We do not address Alifax's challenge to the district court's Daubert decision excluding Mr. Bokhart's expert testimony because Alifax only raised this issue in a footnote in its opening brief. Appellant's Br. 41-42 n.9. See Aquinnah/Gay Head Cmty. Assoc., Inc. v. Wampanoag Tribe of Gay Head (Aquinnah), 989 F.3d 72, 80 (1st Cir. 2021) (finding argument addressed in a single footnote in opening brief forfeited).
Alifax's cited cases are also distinguishable. For example, two of these cases are inapposite because they involve a district court's finding under Rule 403. Appellant's Br. 62-63; see Espeaignnette v. Gene Tierney Co., 43 F.3d 1, 5-8 (1st Cir. 1994); United States v.
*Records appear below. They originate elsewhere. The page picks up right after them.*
lemma odd_median_split:
  fixes L H :: "nat \<Rightarrow> real"
  assumes "odd n" "d < n"
    and le: "\<And>i. i < n \<Longrightarrow> L i \<le> H i"
    and gap: "\<And>i. i < n \<Longrightarrow> i \<noteq> d \<Longrightarrow> L i + 2 * w \<le> H i"
    and point: "L d = c" "H d = c"
    and spread: "median1 (map H [0..<n]) - median1 (map L [0..<n]) < \<delta>" and "\<delta> < w"
  defines "Rgt \<equiv> {i. i < n \<and> i \<noteq> d \<and> c - \<delta> \<le> L i}"
    and "Lft \<equiv> {i. i < n \<and> i \<noteq> d \<and> H i \<le> c + \<delta>}"
  shows "Rgt \<union> Lft = {i. i < n \<and> i \<noteq> d}" and "Rgt \<inter> Lft = {}" and "card Rgt = card Lft"
proof -
  define m where "m = n div 2"
  have m: "n = Suc (2 * m)" "m < n"
    using \<open>odd n\<close> by (auto simp: m_def elim: oddE)
  define A where "A = order_stat n L m"
  define B where "B = order_stat n H m"
  have "B - A < \<delta>"
    using spread \<open>odd n\<close> by (simp add: median1_map_upt A_def B_def m_def)
  have "A \<le> B"
    using order_stat_le_shift[OF m(2), of L H 0] le by (simp add: A_def B_def)
  define Sh where "Sh = {i. i < n \<and> H i \<le> B}"
  define Sl where "Sl = {i. i < n \<and> A \<le> L i}"
  have fin: "finite Sh" "finite Sl"
    by (simp_all add: Sh_def Sl_def)
  have card_S: "m < card Sh" "Suc m \<le> card Sl"
    using card_le_order_stat[OF m(2), of H] card_order_stat_le[OF m(2), of L] m(1)
    by (simp_all add: Sh_def Sl_def B_def A_def)
  have "d \<in> Sh \<inter> Sl"
    \<comment> \<open>Both sets hold a strict majority of the objects, and only a gapless object can be in both.\<close>
  proof -
    have "Sh \<inter> Sl \<noteq> {}"
    proof
      assume "Sh \<inter> Sl = {}"
      then have "card Sh + card Sl = card (Sh \<union> Sl)"
        by (simp add: card_Un_disjoint fin)
      also have "\<dots> \<le> n"
        using card_mono[of "{..<n}" "Sh \<union> Sl"] by (auto simp: Sh_def Sl_def)
      finally show False
        using card_S m(1) by linarith
    qed
    moreover have "i = d" if "i \<in> Sh \<inter> Sl" for i
      using that gap[of i] \<open>A \<le> B\<close> \<open>B - A < \<delta>\<close> \<open>\<delta> < w\<close>
      by (fastforce simp: Sh_def Sl_def)
    ultimately show ?thesis
      by blast
  qed
  then have "A \<le> c" "c \<le> B"
    using point by (auto simp: Sh_def Sl_def)
  have "Sh - {d} \<subseteq> Lft" "Sl - {d} \<subseteq> Rgt"
    using \<open>A \<le> c\<close> \<open>c \<le> B\<close> \<open>B - A < \<delta>\<close> by (auto simp: Sh_def Sl_def Lft_def Rgt_def)
  then have "m \<le> card Lft" "m \<le> card Rgt"
    using card_mono[of Lft "Sh - {d}"] card_mono[of Rgt "Sl - {d}"] card_S fin
    by (auto simp: Lft_def Rgt_def card_Diff_singleton_if split: if_splits)
  show disj: "Rgt \<inter> Lft = {}"
    using gap \<open>\<delta> < w\<close> by (force simp: Rgt_def Lft_def)
  have sub: "Rgt \<union> Lft \<subseteq> {i. i < n \<and> i \<noteq> d}"
    by (auto simp: Rgt_def Lft_def)
  have "card {i. i < n \<and> i \<noteq> d} = 2 * m"
    using \<open>d < n\<close> m(1) card_Diff_singleton[of d "{..<n}"] by (simp add: set_diff_eq lessThan_def)
  moreover have "card (Rgt \<union> Lft) = card Rgt + card Lft"
    by (rule card_Un_disjoint[OF _ _ disj]) (simp_all add: Rgt_def Lft_def)
  moreover have "card (Rgt \<union> Lft) \<le> card {i. i < n \<and> i \<noteq> d}"
    by (rule card_mono[OF _ sub]) simp
  ultimately have "card Rgt = m" "card Lft = m" "card (Rgt \<union> Lft) = card {i. i < n \<and> i \<noteq> d}"
    using \<open>m \<le> card Lft\<close> \<open>m \<le> card Rgt\<close> by linarith+
  then show "card Rgt = card Lft" "Rgt \<union> Lft = {i. i < n \<and> i \<noteq> d}"
    using card_subset_eq[OF _ sub] by simp_all
qed

lemma finite_last_query_set: "finite ({0::nat} \<union> {k. 1 \<le> k \<and> k \<le> t \<and> \<sigma> k = i})"
  by (rule finite_subset[of _ "{..t}"]) auto

lemma last_query_le: "last_query \<sigma> i t \<le> t"
  unfolding last_query_def using finite_last_query_set[of t \<sigma> i] by (subst Max_le_iff) auto

lemma last_query_queried: "1 \<le> t \<Longrightarrow> last_query \<sigma> (\<sigma> t) t = t"
  unfolding last_query_def using finite_last_query_set[of t \<sigma>] by (intro Max_eqI) auto

lemma last_query_less: "1 \<le> t \<Longrightarrow> \<sigma> t \<noteq> i \<Longrightarrow> last_query \<sigma> i t < t"
  unfolding last_query_def using finite_last_query_set[of t \<sigma> i]
  by (subst Max_less_iff) (auto simp: le_less)

lemma last_query_Suc: "\<sigma> (Suc t) \<noteq> i \<Longrightarrow> last_query \<sigma> i (Suc t) = last_query \<sigma> i t"
  unfolding last_query_def by (metis le_Suc_eq)

lemma round_robin_last_query:
  assumes "i < n"
  shows "t \<le> last_query (round_robin n) i t + n"
proof (cases "t \<le> n")
  case False
  \<comment> \<open>the latest time \<open>k \<le> t\<close> with \<open>k - 1 \<equiv> i (mod n)\<close>\<close>
  define k where "k = t - (t - 1 - i) mod n"
  have "(t - 1 - i) mod n < n"
    using assms by simp
  then have k: "1 \<le> k" "k \<le> t" "t \<le> k + n"
    using False by (auto simp: k_def)
  have "k - 1 = i + n * ((t - 1 - i) div n)"
    using False assms mult_div_mod_eq[of n "t - 1 - i"] unfolding k_def by linarith
  then have "round_robin n k = i"
    using assms by (simp add: round_robin_def)
  then have "k \<le> last_query (round_robin n) i t"
    unfolding last_query_def using finite_last_query_set[of t "round_robin n" i] k by (intro Max_ge) auto
  then show ?thesis
    using k by linarith
qed simp

lemma valid_instance_speed_bounds:
  assumes "valid_instance n v p"
  shows "0 < Min (v ` {..<n})" and "Min (v ` {..<n}) \<le> Max (v ` {..<n})"
proof -
  have ne: "v ` {..<n} \<noteq> {}"
    using assms by (auto simp: valid_instance_def lessThan_empty_iff)
  then show "0 < Min (v ` {..<n})"
    using Min_in[of "v ` {..<n}"] assms by (auto simp: valid_instance_def)
  show "Min (v ` {..<n}) \<le> Max (v ` {..<n})"
    using ne Min_in[of "v ` {..<n}"] by (intro Max_ge) auto
qed

locale query_run =
  fixes n :: nat and v :: "nat \<Rightarrow> real" and p :: "nat \<Rightarrow> real \<Rightarrow> real" and \<sigma> :: "nat \<Rightarrow> nat"
  assumes valid_inst: "valid_instance n v p" and valid_strat: "valid_strategy n \<sigma>"
begin

definition "anchor i t = p i (real (last_query \<sigma> i t))"
definition "radius i t = v i * (real t - real (last_query \<sigma> i t))"
definition "lo i t = anchor i t - radius i t"
definition "hi i t = anchor i t + radius i t"
definition "vmin = Min (v ` {..<n})"
definition "queried_pos t = p (\<sigma> t) (real t)"
definition "diam t = diameter (center_region n v p \<sigma> t)"

abbreviation "med x \<equiv> median1 (map x [0..<n])"

lemma two_le_n: "2 \<le> n"
  using valid_inst by (simp add: valid_instance_def)

lemma speed_pos: "i < n \<Longrightarrow> 0 < v i"
  using valid_inst by (simp add: valid_instance_def)

lemma queried_less: "1 \<le> t \<Longrightarrow> \<sigma> t < n"
  using valid_strat by (simp add: valid_strategy_def)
Frabizio, 459 F.3d 80, 9091 (1st Cir. 2006). Here, the district court did not exclude Mr. Bokhart's testimony under Rule 403; rather, it found that "[p]ermitting the jury's damages award to stand would constitute a miscarriage of justice" in light of Bokhart's testimony. New Trial Order at 582; see Jennings, 587 F.3d at 436 ("[T]he district court has the power and duty to order a new trial whenever, in its judgment, the action is required in order to prevent injustice.").
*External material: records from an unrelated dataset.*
definition phiext :: "nat \<Rightarrow> (nat \<Rightarrow> real) \<Rightarrow> int \<Rightarrow> real" where
  "phiext Nphi phi q = (if q = -1 then phi (Nphi - 1) - pi
                        else if q = int Nphi then phi 0 + pi
                        else phi (nat q))"

text \<open>Angular pixel Phi_q, projected pi-periodically into [0,pi[.\<close>
definition angpix :: "nat \<Rightarrow> (nat \<Rightarrow> real) \<Rightarrow> nat \<Rightarrow> real set" where
  "angpix Nphi phi q = {\<psi> \<in> {0..<pi}. \<exists>k::int.
      (phiext Nphi phi (int q - 1) + phiext Nphi phi (int q)) / 2 \<le> \<psi> + real_of_int k * pi \<and>
      \<psi> + real_of_int k * pi < (phiext Nphi phi (int q) + phiext Nphi phi (int q + 1)) / 2}"

definition conv_radon :: "nat \<Rightarrow> nat \<Rightarrow> nat \<Rightarrow> (nat \<Rightarrow> real) \<Rightarrow> (real \<Rightarrow> real \<Rightarrow> real)
    \<Rightarrow> (real \<times> real \<Rightarrow> real) \<Rightarrow> real \<Rightarrow> real \<Rightarrow> real" where
  "conv_radon Nx Ns Nphi phi \<omega> f \<phi> s =
     (\<Sum>q<Nphi. \<Sum>p<Ns. indicator (angpix Nphi phi q \<times> detpix Ns p) (\<phi>, s) *
        (\<Sum>i<Nx. \<Sum>j<Nx. \<omega> (phi q) (xc Nx i j \<bullet> theta (phi q) - sc Ns p) * integral (pix Nx i j) f))"

definition ray_radon :: "nat \<Rightarrow> nat \<Rightarrow> nat \<Rightarrow> (nat \<Rightarrow> real)
    \<Rightarrow> (real \<times> real \<Rightarrow> real) \<Rightarrow> real \<Rightarrow> real \<Rightarrow> real" where
  "ray_radon Nx Ns Nphi phi = conv_radon Nx Ns Nphi phi (omega_rd (dx Nx))"

end

theory Submission
  imports Defs
begin

text \<open>Along the line \<open>L(\<phi>, s)\<close> the basis function \<open>u\<^sub>i\<^sub>j\<close> is 1 on the open chord through its pixel
  and 1/2 where the line runs along an edge, which only happens for \<open>\<phi> \<in> {0, \<pi>/2}\<close>. Its line
  integral is therefore the length of the intersection of the two parameter intervals on which the
  line stays in the vertical and in the horizontal strip of the pixel; separating axis-parallel from
  oblique directions identifies this length with \<open>\<delta>\<^sub>x\<^sup>2 \<omega>\<^sup>r\<^sup>d(\<phi>, x\<^sub>i\<^sub>j \<bullet> \<theta> - s)\<close>. As the integral of
  \<open>f\<^sub>\<delta>\<close> over a pixel is \<open>\<delta>\<^sub>x\<^sup>2\<close> times its coefficient and every node \<open>(\<phi>\<^sub>q, s\<^sub>p)\<close> lies in exactly one
  cell \<open>\<Phi>\<^sub>q \<times> S\<^sub>p\<close>, summing over the pixels gives \<open>R f\<^sub>\<delta> = R\<^sub>\<omega> f\<^sub>\<delta>\<close> at the nodes. The statement on
  \<open>\<omega>\<^sup>p\<^sup>d\<close> is the partition of unity of the hat function \<open>max (1 - |z|) 0\<close> on the integer grid, after the
  substitution \<open>z = (x - s\<^sub>0)/\<delta>\<^sub>s - p\<close>.\<close>

section \<open>Line integrals of the pixel basis functions\<close>

definition square_weight :: "real \<Rightarrow> real \<Rightarrow> real \<Rightarrow> real" where
  "square_weight d u v =
     (if \<bar>u\<bar> < d/2 \<and> \<bar>v\<bar> < d/2 then 1 else if \<bar>u\<bar> \<le> d/2 \<and> \<bar>v\<bar> \<le> d/2 then 1/2 else 0)"

lemma indicator_square_minus_half_frontier:
  fixes x x0 :: "real \<times> real" and d :: real
  defines "S \<equiv> cbox (x0 - (d/2, d/2)) (x0 + (d/2, d/2))"
  shows "indicator S x - 1/2 * indicator (frontier S) x = square_weight d (fst x - fst x0) (snd x - snd x0)"
proof -
  obtain x1 x2 X Y where x: "x = (x1, x2)" and x0: "x0 = (X, Y)" by fastforce
  have "x \<in> S \<longleftrightarrow> \<bar>x1 - X\<bar> \<le> d/2 \<and> \<bar>x2 - Y\<bar> \<le> d/2"
    unfolding S_def x x0 by (auto simp: abs_if)
  moreover have "x \<in> box (x0 - (d/2, d/2)) (x0 + (d/2, d/2)) \<longleftrightarrow> \<bar>x1 - X\<bar> < d/2 \<and> \<bar>x2 - Y\<bar> < d/2"
    unfolding x x0 by (auto simp: mem_box Basis_prod_def abs_if)
  ultimately show ?thesis
    unfolding S_def frontier_cbox using x x0 by (auto simp: square_weight_def indicator_def)
qed

lemma has_integral_step_off_finite:
  fixes g :: "real \<Rightarrow> real"
  assumes "finite F"
    and "\<And>t. t \<in> {a..b} - F \<Longrightarrow> g t = k * indicator {l..u} t"
    and "k \<noteq> 0 \<Longrightarrow> l \<le> u \<Longrightarrow> {l..u} \<subseteq> {a..b}"
  shows "(g has_integral k * max 0 (u - l)) {a..b}"
proof (cases "k = 0 \<or> u < l")
  case True
  then have "(\<lambda>t. k * indicator {l..u} t) = (\<lambda>t. 0)" "k * max 0 (u - l) = 0"
    by (auto simp: indicator_def)
  then have "((\<lambda>t. k * indicator {l..u} t) has_integral k * max 0 (u - l)) {a..b}"
    by simp
  then show ?thesis
    using assms(2) by (rule has_integral_spike_finite[OF assms(1), rotated]) auto
next
  case False
  then have lu: "{l..u} \<inter> {a..b} = {l..u}"
    using assms(3) by auto
  have "((\<lambda>t. k) has_integral k * max 0 (u - l)) {l..u}"
    using False has_integral_const_real[of k l u] by (simp add: max_def mult.commute)
  then have "((\<lambda>t. if t \<in> {l..u} then k else 0) has_integral k * max 0 (u - l)) {a..b}"
    unfolding has_integral_restrict_Int lu .
  then show ?thesis
    by (rule has_integral_spike_finite[OF assms(1), rotated]) (use assms(2) in \<open>auto simp: indicator_def\<close>)
qed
In sum, we conclude that the district court did not abuse its discretion in granting a new trial on damages.
E
Next, Alifax challenges the district court's decision to exclude the alleged signal acquisition trade secret from the new trial. Appellant's Br. 47-50; see Order on New Trial Scope and Patent Fees at *2-3. Alifax argues that even if the district court was correct to exclude the alleged signal acquisition trade secret from the jury after close of the original trial, that does not justify excluding the alleged signal acquisition trade secret entirely from the new trial because the questions at the end of the original trial and at summary judgment before trial are different. Appellant's Br. 47. Moreover, Alifax asserts the district court's exclusion of the alleged signal acquisition trade secret was an improper application of partial retrial law. Id. at 48. We disagree.
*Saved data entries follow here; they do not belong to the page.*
abbreviation mprod :: "'a multiset \<Rightarrow> 'a" where
  "mprod \<equiv> mprod.F"

lemma mult_mono_right:
  assumes "x \<le> y"
  shows "mult z x \<le> mult z y"
  using assms residuation[of z y "mult z y"] residuation[of z x "mult z y"] by auto

lemma mult_square_le_unit_iff: "mult (mult x x) y \<le> e \<longleftrightarrow> mult x y \<le> e"
  using residuation[of x y e] residuation[of "mult x x" y e] omega[of x] by simp

lemma mult_mprod_le_unit_iff_duplicate:
  assumes "x \<in># X"
  shows "mult (mprod (add_mset x X)) y \<le> e \<longleftrightarrow> mult (mprod X) y \<le> e"
proof -
  obtain R where X: "X = add_mset x R" using assms by (metis multi_member_split)
  have "mult (mprod (add_mset x X)) y = mult (mult x x) (mult (mprod R) y)"
    and "mult (mprod X) y = mult x (mult (mprod R) y)"
    by (simp_all add: X assoc)
  then show ?thesis by (simp add: mult_square_le_unit_iff)
qed

lemma mult_mprod_le_unit_iff_remdups:
  "mult (mprod X) y \<le> e \<longleftrightarrow> mult (mprod (mset_set (set_mset X))) y \<le> e"
proof (induction X arbitrary: y)
  case empty
  then show ?case by simp
next
  case (add x X)
  show ?case
  proof (cases "x \<in># X")
    case True
    have "mult (mprod (add_mset x X)) y \<le> e \<longleftrightarrow> mult (mprod X) y \<le> e"
      by (rule mult_mprod_le_unit_iff_duplicate[OF True])
    also have "\<dots> \<longleftrightarrow> mult (mprod (mset_set (set_mset X))) y \<le> e"
      by (rule add.IH)
    also have "set_mset X = set_mset (add_mset x X)"
      using True by auto
    finally show ?thesis .
  next
    case False
    have "mult (mprod (add_mset x X)) y \<le> e \<longleftrightarrow> mult (mprod X) (mult x y) \<le> e"
      by (simp add: mprod.assoc mprod.left_commute)
    also have "\<dots> \<longleftrightarrow> mult (mprod (mset_set (set_mset X))) (mult x y) \<le> e"
      by (rule add.IH)
    also have "\<dots> \<longleftrightarrow> mult (mprod (mset_set (set_mset (add_mset x X)))) y \<le> e"
      using False by (simp add: mprod.assoc mprod.left_commute)
    finally show ?thesis .
  qed
qed

lemma mprod_le_unit_iff_same_support:
  assumes "set_mset X = set_mset Y"
  shows "mprod X \<le> e \<longleftrightarrow> mprod Y \<le> e"
  using assms mult_mprod_le_unit_iff_remdups[of X e] mult_mprod_le_unit_iff_remdups[of Y e]
  by (simp add: unit_right)

lemma mult_mprod_le_of_same_support:
  assumes "set_mset R = set_mset S"
    and "u \<le> b" and "\<not> mult u (mprod R) \<le> b" and "mult w (mprod S) \<le> b"
  shows "w \<le> b"
proof -
  have "\<not> mprod R \<le> e"
  proof
    assume "mprod R \<le> e"
    then have "mult u (mprod R) \<le> u" using mult_mono_right[of "mprod R" e u] by (simp add: unit_right)
    with assms(2,3) show False by (meson order_trans)
  qed
  then have "\<not> mprod S \<le> e" using mprod_le_unit_iff_same_support[OF assms(1)] by simp
  then have "e \<le> mprod S" using linear by blast
  then have "w \<le> mult w (mprod S)" using mult_mono_right[of e "mprod S" w] by (simp add: unit_right)
  then show ?thesis using assms(4) by (rule order_trans)
qed

lemma gen_monoid_eq_mprod: "gen_monoid mult e B = {mprod X | X. set_mset X \<subseteq> B}"
proof (intro equalityI subsetI)
  fix a assume "a \<in> gen_monoid mult e B"
  then show "a \<in> {mprod X | X. set_mset X \<subseteq> B}"
  proof induction
    case unit
    show ?case by (intro CollectI exI[of _ "{#}"]) simp
  next
    case (gen b)
    then show ?case by (intro CollectI exI[of _ "{#b#}"]) simp
  next
    case (mult a c)
    then obtain X Y where "a = mprod X" "set_mset X \<subseteq> B" "c = mprod Y" "set_mset Y \<subseteq> B"
      by blast
    then show ?case by (intro CollectI exI[of _ "X + Y"]) simp
  qed
next
  fix a assume "a \<in> {mprod X | X. set_mset X \<subseteq> B}"
  then obtain X where "a = mprod X" "set_mset X \<subseteq> B" by blast
  moreover have "set_mset X \<subseteq> B \<Longrightarrow> mprod X \<in> gen_monoid mult e B"
    by (induction X) (simp_all add: gen_monoid.unit gen_monoid.gen gen_monoid.mult)
  ultimately show "a \<in> gen_monoid mult e B" by simp
qed

lemma res_set_chain:
  "res_set mult e B a b \<subseteq> res_set mult e B a' b \<or> res_set mult e B a' b \<subseteq> res_set mult e B a b"
proof (rule ccontr)
  assume "\<not> ?thesis"
  then obtain c c' where c: "mult a c \<le> b" "\<not> mult a' c \<le> b"
    and c': "mult a' c' \<le> b" "\<not> mult a c' \<le> b"
    unfolding res_set_def subset_iff by auto
  from linear[of c c'] show False
  proof
    assume "c \<le> c'"
    then have "mult a' c \<le> mult a' c'" by (rule mult_mono_right)
    then have "mult a' c \<le> b" using c'(1) by (rule order_trans)
    with c(2) show False by contradiction
  next
    assume "c' \<le> c"
    then have "mult a c' \<le> mult a c" by (rule mult_mono_right)
    then have "mult a c' \<le> b" using c(1) by (rule order_trans)
    with c'(2) show False by contradiction
  qed
qed

lemma uniformly_growing_mprod_threshold:
  assumes X: "uniformly_growing X S" and Y: "uniformly_growing Y T"
    and "j1 < j2" "i1 < i2" "j1' < j2'" "i1' < i2'"
    and "mprod (X j1 + Y i1) \<le> b" "\<not> mprod (X j2 + Y i2) \<le> b"
    and "mprod (X j2' + Y i2') \<le> b"
  shows "mprod (X j1' + Y i1') \<le> b"
proof -
  have growth: "X j \<subseteq># X j'" "Y i \<subseteq># Y i'"
      "set_mset (X j' - X j) = S" "set_mset (Y i' - Y i) = T"
    if "j < j'" "i < i'" for j j' i i'
    using X Y that unfolding uniformly_growing_def by blast+
  define incr where "incr j j' i i' = (X j' - X j) + (Y i' - Y i)" for j j' i i'
  have mprod_step: "mprod (X j' + Y i') = mult (mprod (X j + Y i)) (mprod (incr j j' i i'))"
    if "j < j'" "i < i'" for j j' i i'
  proof -
    have "X j' + Y i' = (X j + (X j' - X j)) + (Y i + (Y i' - Y i))"
      using growth[OF that] by (simp add: subset_mset.add_diff_inverse)
    also have "\<dots> = (X j + Y i) + incr j j' i i'"
      by (simp add: incr_def union_ac)
    finally show ?thesis by simp
  qed
  have incr_support: "set_mset (incr j j' i i') = S \<union> T" if "j < j'" "i < i'" for j j' i i'
    by (simp only: incr_def set_mset_union growth(3,4)[OF that])
  show ?thesis
  proof (rule mult_mprod_le_of_same_support)
    show "set_mset (incr j1 j2 i1 i2) = set_mset (incr j1' j2' i1' i2')"
      using incr_support assms(3-6) by simp
    show "\<not> mult (mprod (X j1 + Y i1)) (mprod (incr j1 j2 i1 i2)) \<le> b"
      using assms(8) mprod_step[OF assms(3,4)] by simp
    show "mult (mprod (X j1' + Y i1')) (mprod (incr j1' j2' i1' i2')) \<le> b"
      using assms(9) mprod_step[OF assms(5,6)] by simp
  qed (rule assms(7))
qed

lemma no_switching_residuation_pattern:
  fixes a d :: "nat \<Rightarrow> 'a"
  assumes B: "finite B"
    and a: "\<And>i. a i \<in> gen_monoid mult e B" and d: "\<And>i. d i \<in> gen_monoid mult e B"
    and pattern: "\<And>i j. mult (a j) (d i) \<le> b \<longleftrightarrow> (i < j \<longleftrightarrow> c)"
  shows False
proof -
  have "\<forall>i. \<exists>X. a i = mprod X \<and> set_mset X \<subseteq> B"
    using a unfolding gen_monoid_eq_mprod by blast
  from choice[OF this] obtain X where X: "\<And>i. a i = mprod (X i)" "\<And>i. set_mset (X i) \<subseteq> B"
    by blast
  have "\<forall>i. \<exists>Y. d i = mprod Y \<and> set_mset Y \<subseteq> B"
    using d unfolding gen_monoid_eq_mprod by blast
  from choice[OF this] obtain Y where Y: "\<And>i. d i = mprod (Y i)" "\<And>i. set_mset (Y i) \<subseteq> B"
    by blast
  obtain r :: "nat \<Rightarrow> nat" and S where r: "strict_mono r" and Xr: "uniformly_growing (X \<circ> r) S"
    by (rule uniformly_growing_subseq[OF B X(2)]) (rule that)
  have "set_mset ((Y \<circ> r) i) \<subseteq> B" for i
    using Y(2) by simp
  then obtain r' :: "nat \<Rightarrow> nat" and T where r': "strict_mono r'"
    and Yt: "uniformly_growing (Y \<circ> r \<circ> r') T"
    by (rule uniformly_growing_subseq[OF B]) (rule that)
  define t where "t = r \<circ> r'"
  have t: "strict_mono t"
    using r r' unfolding t_def strict_mono_def by simp
  have Xt: "uniformly_growing (X \<circ> t) S"
    using uniformly_growing_comp[OF Xr r'] by (simp add: t_def comp_assoc)
  from Yt have Yt: "uniformly_growing (Y \<circ> t) T"
    by (simp add: t_def comp_assoc)
  have Q: "mprod ((X \<circ> t) j + (Y \<circ> t) i) \<le> b \<longleftrightarrow> (i < j \<longleftrightarrow> c)" for i j
    using pattern[where i = "t i" and j = "t j"] t by (simp add: X(1) Y(1) strict_mono_less)
  show False
  proof (cases c)
    case True
    then show False
      using uniformly_growing_mprod_threshold[OF Xt Yt, of 1 2 0 2 0 2 0 1 b] Q by simp
  next
    case False
    then show False
      using uniformly_growing_mprod_threshold[OF Xt Yt, of 0 2 0 1 1 2 0 2 b] Q by simp
  qed
qed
The district court did not misapply partial retrial case law. Order on New Trial Scope and Patent Fees at *2-3. After explaining that it had already ruled that the evidence at the original trial could not support a finding that the alleged signal acquisition trade secret was misappropriated, it concluded that this issue "ha[d] been properly and conclusively resolved." Id. at *2-3 (cleaned up) (citing Drumgold v. Callahan, 707 F.3d 28, 46 (1st Cir. 2013)). The court further found the remaining issue of the conversion algorithm is "so distinct and separable from the signal acquisition claim," the trial on that issue alone would not result in injustice. Id. (cleaned up) (citing Drumgold, 707 F.3d at 46). Because we find that the district court did not err in precluding jury consideration of the alleged signal acquisition trade secret, see supra Section II.B, we agree with the district court's analysis here.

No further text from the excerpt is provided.